- TASK INPUT
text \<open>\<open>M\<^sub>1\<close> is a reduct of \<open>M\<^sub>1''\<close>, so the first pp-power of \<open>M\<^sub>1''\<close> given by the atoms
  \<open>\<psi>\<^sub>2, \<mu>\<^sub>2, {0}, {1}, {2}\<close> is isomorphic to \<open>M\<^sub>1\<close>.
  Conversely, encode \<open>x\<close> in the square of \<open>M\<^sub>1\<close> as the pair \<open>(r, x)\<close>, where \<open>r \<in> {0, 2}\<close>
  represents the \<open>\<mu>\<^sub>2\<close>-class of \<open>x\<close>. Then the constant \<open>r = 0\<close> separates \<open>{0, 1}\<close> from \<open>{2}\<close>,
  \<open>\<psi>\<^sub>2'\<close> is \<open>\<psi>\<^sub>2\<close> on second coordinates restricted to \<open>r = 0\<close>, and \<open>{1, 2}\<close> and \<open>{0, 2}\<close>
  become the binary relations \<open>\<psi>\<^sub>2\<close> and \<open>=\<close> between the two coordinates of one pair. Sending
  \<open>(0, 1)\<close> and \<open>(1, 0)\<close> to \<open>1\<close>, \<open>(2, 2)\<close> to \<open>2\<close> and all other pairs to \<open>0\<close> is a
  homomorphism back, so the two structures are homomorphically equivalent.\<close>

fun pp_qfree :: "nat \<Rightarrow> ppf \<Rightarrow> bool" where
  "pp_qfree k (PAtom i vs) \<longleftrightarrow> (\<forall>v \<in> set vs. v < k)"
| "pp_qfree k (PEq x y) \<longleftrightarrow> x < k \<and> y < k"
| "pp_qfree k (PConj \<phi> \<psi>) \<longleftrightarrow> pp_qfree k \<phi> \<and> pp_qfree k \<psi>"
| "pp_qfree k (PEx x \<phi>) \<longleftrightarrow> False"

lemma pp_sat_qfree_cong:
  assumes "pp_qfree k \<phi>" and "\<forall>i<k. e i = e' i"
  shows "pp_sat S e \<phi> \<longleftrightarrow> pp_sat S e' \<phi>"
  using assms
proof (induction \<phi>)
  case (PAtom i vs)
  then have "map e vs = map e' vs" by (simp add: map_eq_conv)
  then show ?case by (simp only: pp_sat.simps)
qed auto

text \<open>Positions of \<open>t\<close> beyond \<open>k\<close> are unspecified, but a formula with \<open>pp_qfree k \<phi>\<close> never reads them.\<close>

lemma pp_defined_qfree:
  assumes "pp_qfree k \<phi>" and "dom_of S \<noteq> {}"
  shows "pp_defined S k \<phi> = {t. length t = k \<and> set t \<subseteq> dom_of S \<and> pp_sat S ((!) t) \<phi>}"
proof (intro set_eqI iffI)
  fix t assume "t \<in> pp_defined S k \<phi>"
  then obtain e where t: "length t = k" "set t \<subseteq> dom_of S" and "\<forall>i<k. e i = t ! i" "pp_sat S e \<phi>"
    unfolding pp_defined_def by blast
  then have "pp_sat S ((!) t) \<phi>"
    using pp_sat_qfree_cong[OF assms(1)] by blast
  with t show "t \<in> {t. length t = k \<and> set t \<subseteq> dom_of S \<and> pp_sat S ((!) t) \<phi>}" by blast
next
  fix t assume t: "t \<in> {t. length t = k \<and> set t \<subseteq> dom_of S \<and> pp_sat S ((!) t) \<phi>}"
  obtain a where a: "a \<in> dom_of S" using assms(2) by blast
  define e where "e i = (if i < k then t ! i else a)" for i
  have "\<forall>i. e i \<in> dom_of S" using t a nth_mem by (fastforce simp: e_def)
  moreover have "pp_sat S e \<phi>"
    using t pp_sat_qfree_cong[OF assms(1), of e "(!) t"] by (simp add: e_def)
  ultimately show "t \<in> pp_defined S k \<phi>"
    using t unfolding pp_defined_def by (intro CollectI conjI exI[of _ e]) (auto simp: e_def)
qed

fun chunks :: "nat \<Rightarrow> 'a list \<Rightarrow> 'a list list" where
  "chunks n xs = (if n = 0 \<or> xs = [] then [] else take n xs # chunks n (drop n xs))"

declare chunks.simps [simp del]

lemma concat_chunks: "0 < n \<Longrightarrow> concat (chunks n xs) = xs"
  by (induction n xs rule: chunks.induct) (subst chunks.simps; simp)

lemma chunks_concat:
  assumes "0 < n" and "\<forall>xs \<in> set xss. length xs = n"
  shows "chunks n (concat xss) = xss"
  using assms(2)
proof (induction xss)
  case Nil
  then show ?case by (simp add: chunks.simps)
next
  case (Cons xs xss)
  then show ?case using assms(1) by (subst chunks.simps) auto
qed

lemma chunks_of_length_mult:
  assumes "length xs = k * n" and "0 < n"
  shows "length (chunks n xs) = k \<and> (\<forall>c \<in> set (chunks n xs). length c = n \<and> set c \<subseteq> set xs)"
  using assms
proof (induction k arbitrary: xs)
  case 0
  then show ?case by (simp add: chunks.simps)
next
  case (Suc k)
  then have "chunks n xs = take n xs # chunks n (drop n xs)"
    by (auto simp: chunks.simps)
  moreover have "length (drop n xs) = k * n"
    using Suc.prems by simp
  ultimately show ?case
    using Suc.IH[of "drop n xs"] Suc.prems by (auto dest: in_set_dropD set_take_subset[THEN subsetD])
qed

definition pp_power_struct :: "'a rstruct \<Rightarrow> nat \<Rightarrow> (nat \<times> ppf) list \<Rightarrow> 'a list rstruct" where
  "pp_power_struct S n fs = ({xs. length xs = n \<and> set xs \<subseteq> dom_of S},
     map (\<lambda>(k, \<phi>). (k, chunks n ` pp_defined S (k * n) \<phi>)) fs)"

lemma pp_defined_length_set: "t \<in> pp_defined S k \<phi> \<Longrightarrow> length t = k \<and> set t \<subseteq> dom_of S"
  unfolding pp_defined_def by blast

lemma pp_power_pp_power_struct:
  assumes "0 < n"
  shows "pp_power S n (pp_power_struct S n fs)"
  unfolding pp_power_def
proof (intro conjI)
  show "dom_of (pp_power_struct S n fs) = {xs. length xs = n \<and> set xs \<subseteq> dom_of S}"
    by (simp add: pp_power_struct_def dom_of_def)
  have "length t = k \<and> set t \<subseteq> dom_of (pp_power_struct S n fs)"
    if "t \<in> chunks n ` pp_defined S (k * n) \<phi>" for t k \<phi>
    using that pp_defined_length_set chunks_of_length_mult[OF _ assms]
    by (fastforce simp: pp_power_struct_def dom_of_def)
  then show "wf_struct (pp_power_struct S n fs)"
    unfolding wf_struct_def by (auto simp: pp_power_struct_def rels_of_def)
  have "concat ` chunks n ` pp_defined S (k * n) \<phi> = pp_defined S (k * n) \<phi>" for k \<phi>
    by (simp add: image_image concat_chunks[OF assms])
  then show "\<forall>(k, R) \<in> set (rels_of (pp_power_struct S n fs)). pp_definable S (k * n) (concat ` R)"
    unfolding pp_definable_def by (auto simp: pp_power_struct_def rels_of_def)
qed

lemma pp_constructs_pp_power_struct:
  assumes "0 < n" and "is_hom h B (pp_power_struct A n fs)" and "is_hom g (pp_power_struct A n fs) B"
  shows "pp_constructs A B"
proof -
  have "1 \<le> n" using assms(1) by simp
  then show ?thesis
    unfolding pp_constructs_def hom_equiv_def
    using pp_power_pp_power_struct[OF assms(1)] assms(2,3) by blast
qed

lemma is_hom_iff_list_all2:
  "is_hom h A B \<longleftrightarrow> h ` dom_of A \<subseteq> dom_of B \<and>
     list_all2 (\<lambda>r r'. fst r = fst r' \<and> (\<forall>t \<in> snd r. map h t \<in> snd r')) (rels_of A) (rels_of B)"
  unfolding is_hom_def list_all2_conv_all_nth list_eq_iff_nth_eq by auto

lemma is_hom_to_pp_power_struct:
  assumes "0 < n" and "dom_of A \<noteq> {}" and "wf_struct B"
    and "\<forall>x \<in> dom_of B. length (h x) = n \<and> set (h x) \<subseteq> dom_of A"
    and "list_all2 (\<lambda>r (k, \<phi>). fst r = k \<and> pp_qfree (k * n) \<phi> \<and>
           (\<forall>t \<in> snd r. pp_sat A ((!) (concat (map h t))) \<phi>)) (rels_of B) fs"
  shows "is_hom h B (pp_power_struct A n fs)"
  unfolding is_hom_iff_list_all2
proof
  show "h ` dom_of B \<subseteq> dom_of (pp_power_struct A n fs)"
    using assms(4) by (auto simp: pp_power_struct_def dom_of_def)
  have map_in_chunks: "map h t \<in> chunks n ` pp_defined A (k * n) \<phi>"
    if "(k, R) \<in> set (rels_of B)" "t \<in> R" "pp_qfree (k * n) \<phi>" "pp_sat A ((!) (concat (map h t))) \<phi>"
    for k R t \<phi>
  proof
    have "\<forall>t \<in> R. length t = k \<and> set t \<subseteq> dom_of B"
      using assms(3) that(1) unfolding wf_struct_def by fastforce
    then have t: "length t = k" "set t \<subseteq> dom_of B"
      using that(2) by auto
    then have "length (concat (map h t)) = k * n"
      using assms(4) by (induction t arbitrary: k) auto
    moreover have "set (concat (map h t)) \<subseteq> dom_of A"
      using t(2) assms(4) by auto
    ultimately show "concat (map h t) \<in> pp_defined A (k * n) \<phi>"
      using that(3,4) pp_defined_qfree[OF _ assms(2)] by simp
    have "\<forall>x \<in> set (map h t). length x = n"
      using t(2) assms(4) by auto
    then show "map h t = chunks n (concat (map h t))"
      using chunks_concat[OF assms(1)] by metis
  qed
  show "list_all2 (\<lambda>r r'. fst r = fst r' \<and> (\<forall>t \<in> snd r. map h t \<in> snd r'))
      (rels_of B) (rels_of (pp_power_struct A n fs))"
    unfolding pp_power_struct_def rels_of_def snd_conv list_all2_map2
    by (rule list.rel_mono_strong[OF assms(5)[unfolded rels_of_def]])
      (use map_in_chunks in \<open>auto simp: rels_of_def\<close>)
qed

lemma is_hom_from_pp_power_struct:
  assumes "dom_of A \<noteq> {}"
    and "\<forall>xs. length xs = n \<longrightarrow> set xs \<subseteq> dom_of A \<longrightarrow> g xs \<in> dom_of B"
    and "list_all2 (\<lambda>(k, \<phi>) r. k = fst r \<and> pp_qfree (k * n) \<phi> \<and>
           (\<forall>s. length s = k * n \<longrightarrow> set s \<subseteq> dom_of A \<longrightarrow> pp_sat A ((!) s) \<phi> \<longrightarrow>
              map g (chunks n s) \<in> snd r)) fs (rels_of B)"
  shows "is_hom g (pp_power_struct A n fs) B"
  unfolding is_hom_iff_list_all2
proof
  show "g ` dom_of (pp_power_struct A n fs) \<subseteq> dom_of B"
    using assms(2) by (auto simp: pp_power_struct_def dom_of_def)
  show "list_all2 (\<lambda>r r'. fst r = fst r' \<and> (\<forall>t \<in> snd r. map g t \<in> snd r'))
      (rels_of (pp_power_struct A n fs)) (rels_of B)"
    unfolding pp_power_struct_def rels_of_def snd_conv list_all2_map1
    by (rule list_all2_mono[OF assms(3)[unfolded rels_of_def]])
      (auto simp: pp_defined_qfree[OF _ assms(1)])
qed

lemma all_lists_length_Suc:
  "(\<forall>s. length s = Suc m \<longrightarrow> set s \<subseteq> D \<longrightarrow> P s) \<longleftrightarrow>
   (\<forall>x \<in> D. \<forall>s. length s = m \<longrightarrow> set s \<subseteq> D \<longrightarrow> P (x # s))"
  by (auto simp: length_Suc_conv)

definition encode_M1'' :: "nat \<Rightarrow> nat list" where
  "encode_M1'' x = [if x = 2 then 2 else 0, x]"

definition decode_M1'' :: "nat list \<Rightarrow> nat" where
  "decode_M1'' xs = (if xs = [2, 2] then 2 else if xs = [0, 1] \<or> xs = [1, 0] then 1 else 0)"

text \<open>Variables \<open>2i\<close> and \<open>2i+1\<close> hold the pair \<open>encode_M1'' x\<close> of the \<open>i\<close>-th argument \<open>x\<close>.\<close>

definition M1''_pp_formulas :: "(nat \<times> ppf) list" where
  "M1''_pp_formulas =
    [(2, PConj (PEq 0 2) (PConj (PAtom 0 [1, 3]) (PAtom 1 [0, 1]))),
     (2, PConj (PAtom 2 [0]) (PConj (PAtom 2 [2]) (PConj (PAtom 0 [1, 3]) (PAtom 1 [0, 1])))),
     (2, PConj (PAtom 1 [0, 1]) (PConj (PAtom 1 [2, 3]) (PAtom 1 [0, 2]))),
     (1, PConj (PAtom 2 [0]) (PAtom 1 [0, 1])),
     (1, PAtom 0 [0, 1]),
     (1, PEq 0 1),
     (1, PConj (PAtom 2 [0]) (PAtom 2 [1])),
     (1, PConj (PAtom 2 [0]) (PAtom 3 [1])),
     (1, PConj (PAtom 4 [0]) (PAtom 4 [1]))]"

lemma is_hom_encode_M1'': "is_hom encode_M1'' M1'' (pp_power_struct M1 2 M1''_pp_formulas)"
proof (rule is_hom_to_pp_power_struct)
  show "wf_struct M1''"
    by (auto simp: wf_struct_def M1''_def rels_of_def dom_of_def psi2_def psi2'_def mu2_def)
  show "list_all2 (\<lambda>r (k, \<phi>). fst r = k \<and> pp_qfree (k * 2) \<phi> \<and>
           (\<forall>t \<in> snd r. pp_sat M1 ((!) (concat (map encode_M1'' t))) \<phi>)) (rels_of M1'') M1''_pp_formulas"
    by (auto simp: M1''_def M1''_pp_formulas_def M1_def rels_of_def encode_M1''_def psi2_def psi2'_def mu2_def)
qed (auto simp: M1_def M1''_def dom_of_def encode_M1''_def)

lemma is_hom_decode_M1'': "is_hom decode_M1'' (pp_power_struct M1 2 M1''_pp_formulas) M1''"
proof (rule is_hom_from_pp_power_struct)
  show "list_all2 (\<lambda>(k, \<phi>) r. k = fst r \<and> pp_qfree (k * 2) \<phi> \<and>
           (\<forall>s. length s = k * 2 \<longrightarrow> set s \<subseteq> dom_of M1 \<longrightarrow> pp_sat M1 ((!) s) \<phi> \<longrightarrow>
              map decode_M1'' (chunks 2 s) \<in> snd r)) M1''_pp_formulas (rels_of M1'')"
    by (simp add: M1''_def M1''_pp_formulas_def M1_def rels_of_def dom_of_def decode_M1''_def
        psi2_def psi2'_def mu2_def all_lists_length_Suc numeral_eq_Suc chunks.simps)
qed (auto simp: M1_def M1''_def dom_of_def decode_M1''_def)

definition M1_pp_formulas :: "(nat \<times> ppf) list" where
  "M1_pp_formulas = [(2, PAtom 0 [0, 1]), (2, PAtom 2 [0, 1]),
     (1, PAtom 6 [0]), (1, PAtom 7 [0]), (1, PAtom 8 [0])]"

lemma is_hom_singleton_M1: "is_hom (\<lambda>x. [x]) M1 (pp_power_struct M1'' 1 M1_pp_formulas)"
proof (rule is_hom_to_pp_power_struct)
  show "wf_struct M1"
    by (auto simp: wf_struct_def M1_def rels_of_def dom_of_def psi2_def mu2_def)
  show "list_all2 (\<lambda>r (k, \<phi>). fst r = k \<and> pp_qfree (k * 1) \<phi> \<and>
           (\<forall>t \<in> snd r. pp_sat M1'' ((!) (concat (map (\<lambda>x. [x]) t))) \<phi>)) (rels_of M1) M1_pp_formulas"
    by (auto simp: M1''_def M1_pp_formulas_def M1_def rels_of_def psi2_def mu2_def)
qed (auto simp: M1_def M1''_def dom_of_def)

- ASSIGNMENT
Go through the entries above and copy each line holding the string "text".

- SOLVED PROBLEM
text \<open>\<open>M\<^sub>1\<close> is a reduct of \<open>M\<^sub>1''\<close>, so the first pp-power of \<open>M\<^sub>1''\<close> given by the atoms
text \<open>Positions of \<open>t\<close> beyond \<open>k\<close> are unspecified, but a formula with \<open>pp_qfree k \<phi>\<close> never reads them.\<close>
text \<open>Variables \<open>2i\<close> and \<open>2i+1\<close> hold the pair \<open>encode_M1'' x\<close> of the \<open>i\<close>-th argument \<open>x\<close>.\<close>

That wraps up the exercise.